Sunday, October 25, 2009

Curry Chicken Buns

Posted by Quinn at Sunday, October 25, 2009

I made this with Sammi yesterday. I won't say I taught her, more like we learnt from each other. Thanks Sam, it was a good experience having you in the kitchen. Just remember not to measure 6g of salt with my not-so-sensitive digital scale, just use 1 tsp of salt for every 6g!

It was the first for Sammi and the n-th for me in terms of kneading and making Asian buns from scratch. We both agreed on going with bread recipe using water roux starter (i.e, the famous 65°C Tang Zhong) and opted for a savory filling rather than the usual sweet filling.
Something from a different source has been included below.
(* In the standing setting, assume (MP). Let $\beta$ be the Bellman strategy. Then for every player strategy $s$: $\mathbb E_\beta[U]=\varphi^v(0,\sigma^v(0))\ge\mathbb E_s[U]$, and for every $t\in\{1,\dots,\overline R\}$ and every admissible history $h_t=(u_0,\delta_0,\dots,u_{t-1},\delta_{t-1})$, $$\mathbb E_\beta[U\mid h_t]=\varphi^v(t,u_{t-1},\delta_{t-1})\ge \mathbb E_s[U\mid h_t].$$
   Context: Standing setting. Integers $n\ge2$, $m\ge1$; $N:=(n-1)m$. Reals $p_{\mathrm{init}}\ge0$, $\Delta P>0$; the price at round $t\ge0$ is $p_t:=p_{\mathrm{init}}+t\Delta P$. The player's valuation $v:\{0,\dots,m\}\to[0,\infty)$ satisfies $v(0)=0$ and is non-decreasing and concave. $\overline R:=\lceil (v(1)-p_{\mathrm{init}})/\Delta P\rceil$, assumed $\ge1$. For $t\ge0$, $\sigma^v(t):=\min\operatorname{argmax}_{0\le u\le m}(v(u)-up_t)$. The opponent is given by random variables $Z_1\ge Z_2\ge\dots\ge Z_N\ge0$ (a.s.) on a probability space $(\Omega,\mathcal F,\mathbb P)$; its demand at price $p$ is $\delta(p):=\sum_{j=1}^N\mathbf 1\{Z_j>p\}$. For $t\ge1$ fix transition kernels $K_t(\delta'\mid\delta)$ ($\delta,\delta'\in\{0,\dots,N\}$), each $K_t(\cdot\mid\delta)$ a probability on $\{0,\dots,\delta\}$, with $K_t(\delta'\mid\delta)=\mathbb P(\delta(p_t)=\delta'\mid\delta(p_{t-1})=\delta)$ whenever $\mathbb P(\delta(p_{t-1})=\delta)>0$. Value function: for $t\in\{1,\dots,\overline R\}$, $k\in\{0,\dots,m\}$, $\delta\in\{0,\dots,N\}$: $\varphi^v(t,k,\delta):=v(k)-kp_{t-1}$ if $k+\delta\le m$; $:=\max_{0\le u\le k}\sum_{\delta'=0}^N K_t(\delta'\mid\delta)\varphi^v(t+1,u,\delta')$ if $k+\delta>m$ and $t<\overline R$; $:=0$ if $k+\delta>m$ and $t=\overline R$. Also $\varphi^v(0,k):=\max_{0\le u\le k}\sum_{\delta'}\mathbb P(\delta(p_0)=\delta')\varphi^v(1,u,\delta')$. Auction. A player strategy $s=(s_t)_{0\le t\le\overline R-1}$ assigns to each history $h_t=(u_0,\delta_0,\dots,u_{t-1},\delta_{t-1})$ a bid $u_t=s_t(h_t)\in\{0,\dots,u_{t-1}\}$, where $u_{-1}:=\sigma^v(0)$. Against the straightforward opponent, the opponent's round-$t$ demand is $\delta_t:=\delta(p_t)$. The auction ends at the first round $\tau\in\{0,\dots,\overline R-1\}$ with $u_\tau+\delta_\tau\le m$ and the player's utility is $U:=v(u_\tau)-u_\tau p_\tau$; if there is no such round, $U:=0$. A history $h_t$ ($t\ge1$) is admissible if $u_0\le\sigma^v(0)$, $u_r\le u_{r-1}$, $u_r+\delta_r>m$ for all $r\le t-2$, and $\mathbb P(\delta(p_r)=\delta_r\ \forall r\le t-1)>0$. $\mathbb E_s[U\mid h_t]$ denotes the conditional expectation of $U$ given $\{\delta(p_r)=\delta_r,\ r\le t-1\}$ when the player's bids at rounds $0,\dots,t-1$ are $u_0,\dots,u_{t-1}$ and at rounds $r\ge t$ are $s_r(h_r)$. Bellman strategy: $\beta^v(0,k):=\min\operatorname{argmax}_{0\le u\le k}\sum_{\delta'}\mathbb P(\delta(p_0)=\delta')\varphi^v(1,u,\delta')$, and for $t\in\{1,\dots,\overline R-1\}$, $\beta^v(t,k,\delta):=\min\operatorname{argmax}_{0\le u\le k}\sum_{\delta'}K_t(\delta'\mid\delta)\varphi^v(t+1,u,\delta')$. The Bellman strategy $\beta$ bids $u_0=\beta^v(0,\sigma^v(0))$ and $u_t=\beta^v(t,u_{t-1},\delta_{t-1})$ for $t\ge1$. Markov property (MP): $(\delta(p_t))_{0\le t\le\overline R}$ is a Markov chain. *)

theory Defs
  imports "HOL-Probability.Probability"
begin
I have been dying to try the curry chicken bun recipe from one of my cookbook by Agnes Chang called I Can Bake and as usual, Agnes never fail me. She never did. Even if I failed, it's my fault, not Agnes's.

The chicken filling could have been more spicy, I blame my not-so-Asian curry powder and the fact that I use frozen curry leaves, I don't blame it on Agnes.It could have been more onion-y, if you know what I mean but I blame it on the fact that I use brown onions which are sweet rather than shallots. I really like using shallots but they are just so expensive in Adelaide, fetching up to AUD$13.00 per kg. So, it's not Agnes fault at all!

I have used Yvonne C famous book, 65°C 汤种面包 by Yvonne C water roux bread recipe. The marriage of Yvonne C's bread and Agnes's curry chicken filling was very nice. I like how the bread turned out to be. In terms of texture, they are soft and fluffy. I like how the pandan strips across each bun glams up things!

Just remember to loosely wrap the pandan strip around the buns. I already loosely wrap it around the bread however, upon doubling and baking, the strip still sort of choked the bread. Next time, will have to even loosen the pandan strips!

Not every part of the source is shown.